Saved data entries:
□ □ □

lemma close_to_code_point:
  fixes n :: nat
  assumes x: "x \<in> unit_sphere n" and adm: "LCD_admissible n \<alpha> \<beta> x d" and \<beta>: "0 \<le> \<beta>"
    and h: "0 < h" "h \<le> 1" and K: "d * sqrt n + n/2 \<le> K"
  shows "\<exists>p\<in>codes n \<alpha> h K.
           l2 n (\<lambda>i. x i - code_point h p i / l2 n (code_point h p)) \<le> (2 * \<beta> + h) * sqrt n / d"
proof -
  obtain u v where d: "d > 0" and dec: "\<forall>i<n. fracr (d * x i) = u i + v i"
    and sp: "sparse n \<alpha> u" and vb: "l2 n v \<le> \<beta> * min d (sqrt (real n))"
    using adm by (auto simp: LCD_admissible_def)
  have x1: "L2_set x {..<n} = 1"
    using x by (simp add: unit_sphere_def l2_eq_L2_set)
  define S where "S = {i\<in>{..<n}. u i \<noteq> 0}"
  define k where "k = restrict (\<lambda>i. round (d * x i / weight h S i)) {..<n}"
  define C where "C i = weight h S i * of_int (round (d * x i / weight h S i))" for i
  have C: "code_point h (S, k) i = C i" if "i < n" for i
    using that by (simp add: code_point_def k_def C_def)
  have sum_k: "(\<Sum>i<n. weight h S i * \<bar>of_int (k i)\<bar>) \<le> K"
    using sum_weighted_round_le[OF x1 less_imp_le[OF d] h, of S] K by (simp add: k_def)
  have "(S, k) \<in> codes n \<alpha> h K"
    using sp sum_k mem_box_of_weighted_sum_le[OF sum_k h]
    by (auto simp: codes_def S_def sparse_def k_def)
  moreover have "l2 n (\<lambda>i. x i - code_point h (S, k) i / l2 n (code_point h (S, k)))
      \<le> (2 * \<beta> + h) * sqrt n / d"
  proof -
    have "L2_set v {..<n} \<le> \<beta> * sqrt n"
      using vb \<beta> mult_left_mono[OF min.cobounded2 \<beta>, of d "sqrt n"] by (simp add: l2_eq_L2_set)
    then have "L2_set (\<lambda>i. d * x i - C i) {..<n} \<le> \<beta> * sqrt n + h/2 * sqrt n"
      using L2_set_sub_weighted_round_le[OF dec h S_def]
      unfolding C_def by linarith
    then have "2 * L2_set (\<lambda>i. d * x i - C i) {..<n} / d \<le> (2 * \<beta> + h) * sqrt n / d"
      using d by (simp add: divide_right_mono algebra_simps)
    moreover have "L2_set (code_point h (S, k)) {..<n} = L2_set C {..<n}"
      using C by (intro L2_set_cong) auto
    then have "l2 n (\<lambda>i. x i - code_point h (S, k) i / l2 n (code_point h (S, k)))
        = L2_set (\<lambda>i. x i - C i / L2_set C {..<n}) {..<n}"
      using C by (auto simp: l2_eq_L2_set intro!: L2_set_cong)
    ultimately show ?thesis
      using L2_set_sub_normalized_le[OF x1 d, of C] by linarith
  qed
  ultimately show ?thesis ..
qed

lemma net_of_finite_code:
  assumes C: "finite C" and close: "\<forall>x\<in>X. \<exists>p\<in>C. l2 n (\<lambda>i. x i - c p i) \<le> r" and R: "2 * r \<le> R"
  shows "\<exists>N \<subseteq> X. finite N \<and> card N \<le> card C \<and> (\<forall>x\<in>X. \<exists>y\<in>N. l2 n (\<lambda>i. x i - y i) \<le> R)"
proof -
  define near where "near p x \<longleftrightarrow> x \<in> X \<and> l2 n (\<lambda>i. x i - c p i) \<le> r" for p x
  define used where "used = {p \<in> C. \<exists>x. near p x}"
  define rep where "rep p = (SOME x. near p x)" for p
  define N where "N = rep ` used"
  have rep: "near p (rep p)" if "p \<in> used" for p
    using that someI_ex[of "near p"] unfolding used_def rep_def by blast
  have "N \<subseteq> X"
    using rep unfolding N_def near_def by blast
  moreover have "finite used"
    using C unfolding used_def by simp
  then have "finite N" "card N \<le> card C"
    unfolding N_def
    using card_image_le card_mono[OF C, of used] le_trans unfolding used_def by blast+
  moreover have "\<exists>y\<in>N. l2 n (\<lambda>i. x i - y i) \<le> R" if "x \<in> X" for x
  proof -
    obtain p where "p \<in> C" and near_x: "near p x"
      using close \<open>x \<in> X\<close> unfolding near_def by blast
    then have "p \<in> used"
      unfolding used_def by blast
    have "l2 n (\<lambda>i. x i - rep p i) \<le> l2 n (\<lambda>i. x i - c p i) + l2 n (\<lambda>i. rep p i - c p i)"
      using L2_set_diff_triangle[of x "rep p" "{..<n}" "c p"] L2_set_diff_commute[of "c p" "rep p"]
      by (simp add: l2_eq_L2_set)
    also have "\<dots> \<le> R"
      using near_x rep[OF \<open>p \<in> used\<close>] R unfolding near_def by simp
    finally show ?thesis
      using \<open>p \<in> used\<close> unfolding N_def by blast
  qed
  ultimately show ?thesis
    by blast
qed

lemma one_plus_two_radius_div_le:
  fixes n :: nat and \<alpha> D :: real
  assumes n: "n \<ge> 1" and \<alpha>: "0 < \<alpha>" "\<alpha> < 1" and D: "D \<ge> sqrt (\<alpha> * n)"
  shows "1 + 2 * (3 * D * sqrt n + n/2) / n \<le> 8 * (D / sqrt (\<alpha> * n))"
proof -
  have s: "0 < sqrt (\<alpha> * n)" "sqrt (\<alpha> * n) \<le> sqrt n"
    using n \<alpha> by (simp_all add: mult_left_le_one_le)
  moreover have "0 \<le> D"
    using s D by linarith
  ultimately have "D / sqrt n \<le> D / sqrt (\<alpha> * n)" and "1 \<le> D / sqrt (\<alpha> * n)"
    using D by (simp_all add: divide_left_mono)
  moreover have "1 + 2 * (3 * D * sqrt n + n/2) / n = 2 + 6 * (D / sqrt n)"
    using n by (simp add: field_simps)
  ultimately show ?thesis
    by linarith
qed

lemma inverse_two_thirds_powr_le:
  fixes n :: nat and \<alpha> \<beta> :: real
  assumes \<alpha>: "0 < \<alpha>" "\<alpha> < 1" and \<beta>: "0 < \<beta>"
  shows "(1 / (2 * \<beta> / 3)) powr (\<alpha> * n) \<le> (3/2) ^ n * (1/\<beta>) powr (\<alpha> * n)"
proof -
  have "(1 / (2 * \<beta> / 3)) powr (\<alpha> * n) = (3/2) powr (\<alpha> * n) * (1/\<beta>) powr (\<alpha> * n)"
    using \<beta> by (simp add: powr_mult[symmetric])
  also have "\<dots> \<le> (3/2) powr (real n) * (1/\<beta>) powr (\<alpha> * n)"
    using \<alpha> by (intro mult_right_mono powr_mono) (simp_all add: mult_left_le_one_le)
  finally show ?thesis
    by (simp add: powr_realpow)
qed

lemma code_count_le_claimed_bound:
  fixes n :: nat and \<alpha> \<beta> D :: real
  assumes n: "n \<ge> 1" and \<alpha>: "0 < \<alpha>" "\<alpha> < 1" and \<beta>: "0 < \<beta>" "\<beta> < 1/2"
    and D: "D \<ge> sqrt (\<alpha> * n)" "D \<ge> 1/4"
  shows "2 ^ n * (exp 1 ^ n * (1 + 2 * (3 * D * sqrt n + n/2) / n) ^ n * (1 / (2 * \<beta> / 3)) powr (\<alpha> * n))
      \<le> (D / \<beta>) * (150 * D / sqrt (\<alpha> * n)) ^ n * (1 / \<beta>) powr (\<alpha> * n)"
proof -
  define t where "t = D / sqrt (\<alpha> * n)"
  define P where "P = (1 / \<beta>) powr (\<alpha> * n)"
  have "0 < sqrt (\<alpha> * n)"
    using n \<alpha> by simp
  then have t: "1 \<le> t" and P: "0 \<le> P"
    using D(1) by (simp_all add: t_def P_def)
  have "exp 1 ^ n * (1 + 2 * (3 * D * sqrt n + n/2) / n) ^ n \<le> 3 ^ n * (8 * t) ^ n"
    using one_plus_two_radius_div_le[OF n \<alpha> D(1)] D(2) exp_le
    by (intro mult_mono power_mono) (simp_all add: t_def)
  then have "exp 1 ^ n * (1 + 2 * (3 * D * sqrt n + n/2) / n) ^ n * (1 / (2 * \<beta> / 3)) powr (\<alpha> * n)
      \<le> 3 ^ n * (8 * t) ^ n * ((3/2) ^ n * P)"
    using t by (intro mult_mono[OF _ inverse_two_thirds_powr_le[OF \<alpha> \<beta>(1), of n, folded P_def]]) simp_all
  then have "2 ^ n * (exp 1 ^ n * (1 + 2 * (3 * D * sqrt n + n/2) / n) ^ n * (1 / (2 * \<beta> / 3)) powr (\<alpha> * n))
      \<le> 2 ^ n * (3 ^ n * (8 * t) ^ n * ((3/2) ^ n * P))"
    by (rule mult_left_mono) simp
  also have "\<dots> = (2 * 3 * 8 * (3/2) * t) ^ n * P"
    by (simp only: power_mult_distrib mult_ac)
  also have "\<dots> = (72 * t) ^ n * P"
    by simp
  also have "\<dots> \<le> (1/2) * (150 * t) ^ n * P"
  proof -
    have "2 * (72 * t) ^ n \<le> 2 ^ n * (72 * t) ^ n"
      using n t by (intro mult_right_mono) (simp_all add: self_le_power)
    also have "\<dots> = (2 * 72 * t) ^ n"
      by (simp only: power_mult_distrib mult.assoc)
    also have "\<dots> \<le> (150 * t) ^ n"
      using t by (intro power_mono) simp_all
    finally have "(72 * t) ^ n \<le> (1/2) * (150 * t) ^ n"
      by linarith
    from mult_right_mono[OF this P] show ?thesis .
  qed
  also have "\<dots> \<le> (D / \<beta>) * (150 * t) ^ n * P"
    using \<beta> D(2) t P by (intro mult_right_mono) (simp_all add: field_simps)
  finally show ?thesis
    by (simp add: t_def P_def)
qed

lemma S_D_close_to_code_point:
  fixes n :: nat
  assumes x: "x \<in> S_D n \<alpha> \<beta> D" and D: "D > 0" and \<beta>: "0 \<le> \<beta>"
    and h: "0 < h" "h \<le> 1" and K: "3 * D * sqrt n + n/2 \<le> K"
  shows "\<exists>p\<in>codes n \<alpha> h K.
           l2 n (\<lambda>i. x i - code_point h p i / l2 n (code_point h p)) \<le> (2 * \<beta> + h) * sqrt n / D"
proof -
  have "ereal D \<le> LCD n \<alpha> \<beta> x" "LCD n \<alpha> \<beta> x < ereal (3 * D)"
    using x D by (auto simp: S_D_def intro: le_less_trans)
  then obtain d where d: "D \<le> d" "d < 3 * D" and adm: "LCD_admissible n \<alpha> \<beta> x d"
    by (rule LCD_admissible_between)
  have "d * sqrt n + n/2 \<le> K"
    using d K mult_right_mono[of d "3 * D" "sqrt n"] by simp
  moreover have "x \<in> unit_sphere n"
    using x by (simp add: S_D_def)
  ultimately obtain p where "p \<in> codes n \<alpha> h K"
    and p: "l2 n (\<lambda>i. x i - code_point h p i / l2 n (code_point h p)) \<le> (2 * \<beta> + h) * sqrt n / d"
    using close_to_code_point[OF _ adm \<beta> h] by blast
  moreover have "(2 * \<beta> + h) * sqrt n / d \<le> (2 * \<beta> + h) * sqrt n / D"
    using d D \<beta> h by (intro divide_left_mono) simp_all
  ultimately show ?thesis
    by (meson order_trans)
qed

□ □ □

- _Task_
Above are the records; from them, give again exactly the lines from the one containing "using rep unfolding" to the one containing "using card_image_le card_mono[OF", both lines included, and nothing more.

- _Solution to this task_
    using rep unfolding N_def near_def by blast
  moreover have "finite used"
    using C unfolding used_def by simp
  then have "finite N" "card N \<le> card C"
    unfolding N_def
    using card_image_le card_mono[OF C, of used] le_trans unfolding used_def by blast+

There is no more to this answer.